• **EXERCISE BRIEF**: Every line holding the string "xmax" should be copied out of the listing.

• **MATERIAL FOR THIS TASK**:
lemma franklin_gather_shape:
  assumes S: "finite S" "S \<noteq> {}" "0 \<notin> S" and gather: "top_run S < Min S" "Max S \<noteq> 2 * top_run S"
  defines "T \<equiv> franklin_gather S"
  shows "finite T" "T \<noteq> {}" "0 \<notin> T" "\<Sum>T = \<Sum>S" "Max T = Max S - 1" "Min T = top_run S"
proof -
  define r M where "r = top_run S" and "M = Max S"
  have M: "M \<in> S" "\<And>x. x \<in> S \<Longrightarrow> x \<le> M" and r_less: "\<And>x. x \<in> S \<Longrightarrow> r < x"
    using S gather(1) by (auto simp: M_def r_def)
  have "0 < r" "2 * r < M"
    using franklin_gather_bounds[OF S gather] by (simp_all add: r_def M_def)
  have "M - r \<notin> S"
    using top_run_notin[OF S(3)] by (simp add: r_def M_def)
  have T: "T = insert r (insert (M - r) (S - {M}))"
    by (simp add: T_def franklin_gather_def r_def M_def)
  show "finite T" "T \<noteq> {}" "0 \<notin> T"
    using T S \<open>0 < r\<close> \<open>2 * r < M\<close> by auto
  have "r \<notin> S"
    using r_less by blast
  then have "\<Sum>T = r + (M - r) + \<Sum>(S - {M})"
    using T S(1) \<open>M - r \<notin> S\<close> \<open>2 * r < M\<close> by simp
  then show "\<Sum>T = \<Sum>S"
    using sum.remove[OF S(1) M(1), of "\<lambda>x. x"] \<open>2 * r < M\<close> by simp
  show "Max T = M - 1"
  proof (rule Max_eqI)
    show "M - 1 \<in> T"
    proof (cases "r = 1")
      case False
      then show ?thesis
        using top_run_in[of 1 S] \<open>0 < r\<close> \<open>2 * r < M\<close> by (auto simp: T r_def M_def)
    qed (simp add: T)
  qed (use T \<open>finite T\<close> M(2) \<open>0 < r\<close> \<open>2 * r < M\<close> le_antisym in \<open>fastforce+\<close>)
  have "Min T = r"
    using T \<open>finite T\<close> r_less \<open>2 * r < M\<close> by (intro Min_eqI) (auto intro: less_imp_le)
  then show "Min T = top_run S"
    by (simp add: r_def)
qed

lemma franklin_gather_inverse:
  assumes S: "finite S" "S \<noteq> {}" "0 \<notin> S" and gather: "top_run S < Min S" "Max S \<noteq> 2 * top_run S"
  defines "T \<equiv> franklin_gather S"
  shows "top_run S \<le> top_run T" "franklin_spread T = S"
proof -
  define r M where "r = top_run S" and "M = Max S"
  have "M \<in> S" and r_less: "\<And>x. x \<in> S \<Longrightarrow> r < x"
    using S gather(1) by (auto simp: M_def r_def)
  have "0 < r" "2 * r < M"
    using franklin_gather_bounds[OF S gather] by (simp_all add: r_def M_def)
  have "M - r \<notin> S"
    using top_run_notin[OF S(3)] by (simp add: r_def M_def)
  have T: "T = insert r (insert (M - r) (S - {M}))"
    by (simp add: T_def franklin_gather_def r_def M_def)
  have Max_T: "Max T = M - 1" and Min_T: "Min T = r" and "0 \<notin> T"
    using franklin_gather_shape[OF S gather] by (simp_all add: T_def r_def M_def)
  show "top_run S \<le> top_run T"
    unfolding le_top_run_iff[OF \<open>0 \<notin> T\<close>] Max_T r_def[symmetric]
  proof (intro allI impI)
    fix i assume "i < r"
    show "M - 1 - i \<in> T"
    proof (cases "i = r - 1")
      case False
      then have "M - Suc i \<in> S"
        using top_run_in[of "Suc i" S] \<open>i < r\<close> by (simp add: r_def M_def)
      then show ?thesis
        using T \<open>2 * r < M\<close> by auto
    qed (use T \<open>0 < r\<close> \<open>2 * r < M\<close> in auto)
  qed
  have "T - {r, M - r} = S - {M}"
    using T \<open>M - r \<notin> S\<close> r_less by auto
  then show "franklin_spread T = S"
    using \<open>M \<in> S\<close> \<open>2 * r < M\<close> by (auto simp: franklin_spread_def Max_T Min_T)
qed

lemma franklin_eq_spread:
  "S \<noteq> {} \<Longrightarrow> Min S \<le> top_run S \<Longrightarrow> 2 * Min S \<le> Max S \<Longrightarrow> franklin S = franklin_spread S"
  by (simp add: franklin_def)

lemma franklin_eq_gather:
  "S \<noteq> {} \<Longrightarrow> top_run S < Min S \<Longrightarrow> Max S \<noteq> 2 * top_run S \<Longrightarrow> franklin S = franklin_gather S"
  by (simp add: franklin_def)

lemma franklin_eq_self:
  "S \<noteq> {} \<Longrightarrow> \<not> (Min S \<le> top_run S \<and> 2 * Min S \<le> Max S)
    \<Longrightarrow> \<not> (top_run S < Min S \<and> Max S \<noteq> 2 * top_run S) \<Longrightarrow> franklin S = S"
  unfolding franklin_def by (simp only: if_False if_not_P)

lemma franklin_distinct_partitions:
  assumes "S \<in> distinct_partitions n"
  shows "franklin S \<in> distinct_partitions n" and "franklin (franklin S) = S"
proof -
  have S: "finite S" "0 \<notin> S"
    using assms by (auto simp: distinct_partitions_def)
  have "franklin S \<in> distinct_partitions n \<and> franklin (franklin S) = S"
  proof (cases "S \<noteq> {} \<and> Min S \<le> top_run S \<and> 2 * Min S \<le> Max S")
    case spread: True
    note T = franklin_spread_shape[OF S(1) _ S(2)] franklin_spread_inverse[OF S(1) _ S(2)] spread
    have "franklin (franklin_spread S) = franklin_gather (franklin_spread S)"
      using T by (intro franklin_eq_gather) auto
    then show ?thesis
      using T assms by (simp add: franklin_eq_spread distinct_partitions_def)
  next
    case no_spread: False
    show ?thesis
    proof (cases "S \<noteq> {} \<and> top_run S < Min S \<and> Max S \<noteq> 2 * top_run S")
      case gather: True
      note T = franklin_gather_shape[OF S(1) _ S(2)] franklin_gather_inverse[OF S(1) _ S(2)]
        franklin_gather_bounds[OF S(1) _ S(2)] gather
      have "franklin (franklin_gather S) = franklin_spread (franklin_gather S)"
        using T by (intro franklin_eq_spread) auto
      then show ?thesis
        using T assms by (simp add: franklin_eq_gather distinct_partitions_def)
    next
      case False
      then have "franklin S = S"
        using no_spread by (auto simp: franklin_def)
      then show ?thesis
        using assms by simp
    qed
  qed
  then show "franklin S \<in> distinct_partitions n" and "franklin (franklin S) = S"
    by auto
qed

...

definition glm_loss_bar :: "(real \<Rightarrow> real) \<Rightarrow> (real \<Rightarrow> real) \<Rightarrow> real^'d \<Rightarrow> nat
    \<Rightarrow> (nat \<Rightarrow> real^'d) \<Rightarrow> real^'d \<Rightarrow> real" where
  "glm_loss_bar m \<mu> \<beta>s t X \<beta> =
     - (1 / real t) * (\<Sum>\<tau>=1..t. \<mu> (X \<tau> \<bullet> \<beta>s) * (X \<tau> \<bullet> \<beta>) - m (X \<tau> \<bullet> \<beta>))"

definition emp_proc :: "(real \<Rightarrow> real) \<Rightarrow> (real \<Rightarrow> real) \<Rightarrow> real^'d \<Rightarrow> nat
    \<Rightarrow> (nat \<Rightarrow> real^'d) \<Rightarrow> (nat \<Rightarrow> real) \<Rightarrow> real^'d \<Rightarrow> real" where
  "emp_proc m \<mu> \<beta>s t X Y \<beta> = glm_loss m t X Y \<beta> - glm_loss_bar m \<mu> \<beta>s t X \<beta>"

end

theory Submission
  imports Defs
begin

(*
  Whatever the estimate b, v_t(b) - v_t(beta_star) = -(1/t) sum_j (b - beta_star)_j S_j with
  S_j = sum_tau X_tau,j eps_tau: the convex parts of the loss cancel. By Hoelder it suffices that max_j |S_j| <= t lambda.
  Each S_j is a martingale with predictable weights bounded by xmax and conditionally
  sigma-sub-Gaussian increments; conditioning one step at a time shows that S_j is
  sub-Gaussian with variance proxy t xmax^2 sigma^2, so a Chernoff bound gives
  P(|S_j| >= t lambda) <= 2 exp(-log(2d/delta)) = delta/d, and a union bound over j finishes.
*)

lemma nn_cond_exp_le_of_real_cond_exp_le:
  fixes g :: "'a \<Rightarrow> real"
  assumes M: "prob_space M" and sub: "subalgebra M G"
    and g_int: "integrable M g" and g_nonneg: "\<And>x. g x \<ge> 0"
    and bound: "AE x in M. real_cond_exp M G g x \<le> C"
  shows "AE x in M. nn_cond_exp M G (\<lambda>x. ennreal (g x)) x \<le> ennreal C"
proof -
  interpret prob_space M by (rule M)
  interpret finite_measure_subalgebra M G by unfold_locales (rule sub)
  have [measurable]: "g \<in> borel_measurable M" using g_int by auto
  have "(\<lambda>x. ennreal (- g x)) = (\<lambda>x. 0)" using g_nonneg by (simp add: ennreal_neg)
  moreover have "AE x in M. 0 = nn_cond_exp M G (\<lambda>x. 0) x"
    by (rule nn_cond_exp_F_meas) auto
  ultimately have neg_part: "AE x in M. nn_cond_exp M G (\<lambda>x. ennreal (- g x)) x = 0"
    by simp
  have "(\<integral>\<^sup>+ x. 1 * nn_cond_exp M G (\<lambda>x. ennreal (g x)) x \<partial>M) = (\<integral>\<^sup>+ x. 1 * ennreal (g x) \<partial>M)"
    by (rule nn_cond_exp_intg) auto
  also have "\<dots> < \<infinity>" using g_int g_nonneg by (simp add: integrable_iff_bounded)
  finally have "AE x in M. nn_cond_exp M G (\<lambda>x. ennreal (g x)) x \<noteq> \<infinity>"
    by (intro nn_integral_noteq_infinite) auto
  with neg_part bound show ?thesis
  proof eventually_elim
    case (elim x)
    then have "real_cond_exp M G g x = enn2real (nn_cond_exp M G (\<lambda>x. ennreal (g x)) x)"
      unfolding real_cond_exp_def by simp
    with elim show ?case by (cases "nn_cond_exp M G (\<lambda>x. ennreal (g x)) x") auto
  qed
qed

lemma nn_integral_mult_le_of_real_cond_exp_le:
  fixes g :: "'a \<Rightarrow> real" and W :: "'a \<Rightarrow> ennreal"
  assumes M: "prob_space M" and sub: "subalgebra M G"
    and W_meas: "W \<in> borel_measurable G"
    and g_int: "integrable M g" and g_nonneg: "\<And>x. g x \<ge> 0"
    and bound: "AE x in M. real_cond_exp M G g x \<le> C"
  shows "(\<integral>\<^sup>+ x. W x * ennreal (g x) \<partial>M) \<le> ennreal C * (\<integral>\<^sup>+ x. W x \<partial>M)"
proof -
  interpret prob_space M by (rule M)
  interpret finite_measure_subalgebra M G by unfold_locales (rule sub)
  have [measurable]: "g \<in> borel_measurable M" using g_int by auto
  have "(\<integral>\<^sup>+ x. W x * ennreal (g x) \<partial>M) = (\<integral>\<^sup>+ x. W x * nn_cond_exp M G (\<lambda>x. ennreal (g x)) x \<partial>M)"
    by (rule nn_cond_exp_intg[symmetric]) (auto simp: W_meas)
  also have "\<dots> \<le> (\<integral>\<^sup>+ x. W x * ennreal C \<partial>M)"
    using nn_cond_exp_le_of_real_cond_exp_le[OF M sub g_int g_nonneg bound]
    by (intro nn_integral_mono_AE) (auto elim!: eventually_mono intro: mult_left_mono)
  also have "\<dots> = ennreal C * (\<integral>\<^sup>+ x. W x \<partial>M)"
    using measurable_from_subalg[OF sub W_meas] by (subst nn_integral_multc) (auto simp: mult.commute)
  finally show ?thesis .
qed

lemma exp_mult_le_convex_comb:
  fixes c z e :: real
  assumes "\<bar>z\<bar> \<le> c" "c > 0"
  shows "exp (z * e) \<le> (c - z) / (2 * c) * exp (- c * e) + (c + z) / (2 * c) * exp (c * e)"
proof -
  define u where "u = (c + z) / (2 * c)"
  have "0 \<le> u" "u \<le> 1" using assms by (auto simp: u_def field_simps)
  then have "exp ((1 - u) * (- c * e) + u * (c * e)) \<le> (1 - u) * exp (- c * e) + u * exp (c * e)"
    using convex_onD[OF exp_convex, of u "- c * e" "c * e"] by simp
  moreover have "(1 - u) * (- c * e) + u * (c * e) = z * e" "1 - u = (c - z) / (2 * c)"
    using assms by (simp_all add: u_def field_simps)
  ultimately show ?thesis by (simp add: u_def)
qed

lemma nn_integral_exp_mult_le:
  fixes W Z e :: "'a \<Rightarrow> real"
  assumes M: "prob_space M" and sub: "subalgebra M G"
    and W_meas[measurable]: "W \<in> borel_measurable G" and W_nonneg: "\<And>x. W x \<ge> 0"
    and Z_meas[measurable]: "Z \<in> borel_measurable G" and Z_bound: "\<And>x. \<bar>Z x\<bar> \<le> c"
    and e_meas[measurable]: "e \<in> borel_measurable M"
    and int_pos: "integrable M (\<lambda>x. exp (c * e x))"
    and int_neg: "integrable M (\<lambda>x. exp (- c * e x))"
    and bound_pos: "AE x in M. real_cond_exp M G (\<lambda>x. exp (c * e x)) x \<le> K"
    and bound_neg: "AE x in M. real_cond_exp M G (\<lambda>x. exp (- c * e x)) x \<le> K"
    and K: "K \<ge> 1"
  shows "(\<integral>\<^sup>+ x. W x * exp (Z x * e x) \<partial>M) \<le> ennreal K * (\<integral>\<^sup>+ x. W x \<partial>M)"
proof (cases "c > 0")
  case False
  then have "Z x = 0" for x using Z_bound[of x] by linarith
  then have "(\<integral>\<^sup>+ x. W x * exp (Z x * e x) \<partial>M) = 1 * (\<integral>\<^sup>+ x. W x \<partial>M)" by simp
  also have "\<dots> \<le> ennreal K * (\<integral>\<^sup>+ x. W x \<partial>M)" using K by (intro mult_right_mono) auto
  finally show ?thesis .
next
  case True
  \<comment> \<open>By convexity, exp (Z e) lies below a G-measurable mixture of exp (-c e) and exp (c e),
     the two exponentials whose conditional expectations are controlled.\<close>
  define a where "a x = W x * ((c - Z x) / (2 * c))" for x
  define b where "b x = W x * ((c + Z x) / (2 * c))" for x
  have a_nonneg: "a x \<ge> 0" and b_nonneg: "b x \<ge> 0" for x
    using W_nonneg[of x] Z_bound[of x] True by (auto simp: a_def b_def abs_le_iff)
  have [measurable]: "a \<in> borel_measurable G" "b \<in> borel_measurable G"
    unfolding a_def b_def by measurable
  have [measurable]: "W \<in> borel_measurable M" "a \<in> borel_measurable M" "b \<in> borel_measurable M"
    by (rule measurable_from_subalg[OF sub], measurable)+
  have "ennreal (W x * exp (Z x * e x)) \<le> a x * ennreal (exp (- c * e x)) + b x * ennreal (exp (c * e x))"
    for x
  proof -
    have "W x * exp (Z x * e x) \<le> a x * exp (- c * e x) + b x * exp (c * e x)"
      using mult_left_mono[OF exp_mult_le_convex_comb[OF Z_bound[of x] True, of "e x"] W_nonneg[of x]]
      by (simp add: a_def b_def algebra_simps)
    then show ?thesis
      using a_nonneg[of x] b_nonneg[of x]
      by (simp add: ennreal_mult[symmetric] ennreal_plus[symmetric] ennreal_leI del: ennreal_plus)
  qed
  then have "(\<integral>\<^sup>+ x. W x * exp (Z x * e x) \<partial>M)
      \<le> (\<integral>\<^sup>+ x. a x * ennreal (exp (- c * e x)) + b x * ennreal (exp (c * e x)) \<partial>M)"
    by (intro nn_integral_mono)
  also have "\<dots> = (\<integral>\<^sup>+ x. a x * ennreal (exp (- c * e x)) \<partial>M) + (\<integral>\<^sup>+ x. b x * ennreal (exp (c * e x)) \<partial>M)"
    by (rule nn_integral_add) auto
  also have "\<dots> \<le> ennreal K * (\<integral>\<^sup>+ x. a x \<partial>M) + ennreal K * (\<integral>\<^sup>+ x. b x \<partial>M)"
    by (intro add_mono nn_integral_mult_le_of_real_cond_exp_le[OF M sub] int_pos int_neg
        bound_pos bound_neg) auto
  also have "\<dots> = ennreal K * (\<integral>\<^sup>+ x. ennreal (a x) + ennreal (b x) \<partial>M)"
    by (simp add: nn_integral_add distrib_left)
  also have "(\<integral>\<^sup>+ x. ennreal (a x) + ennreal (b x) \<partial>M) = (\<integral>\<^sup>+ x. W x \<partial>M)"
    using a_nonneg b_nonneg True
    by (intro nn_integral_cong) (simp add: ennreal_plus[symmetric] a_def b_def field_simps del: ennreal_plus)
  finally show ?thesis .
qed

• **ANSWER BOX**:
  Each S_j is a martingale with predictable weights bounded by xmax and conditionally
  sub-Gaussian with variance proxy t xmax^2 sigma^2, so a Chernoff bound gives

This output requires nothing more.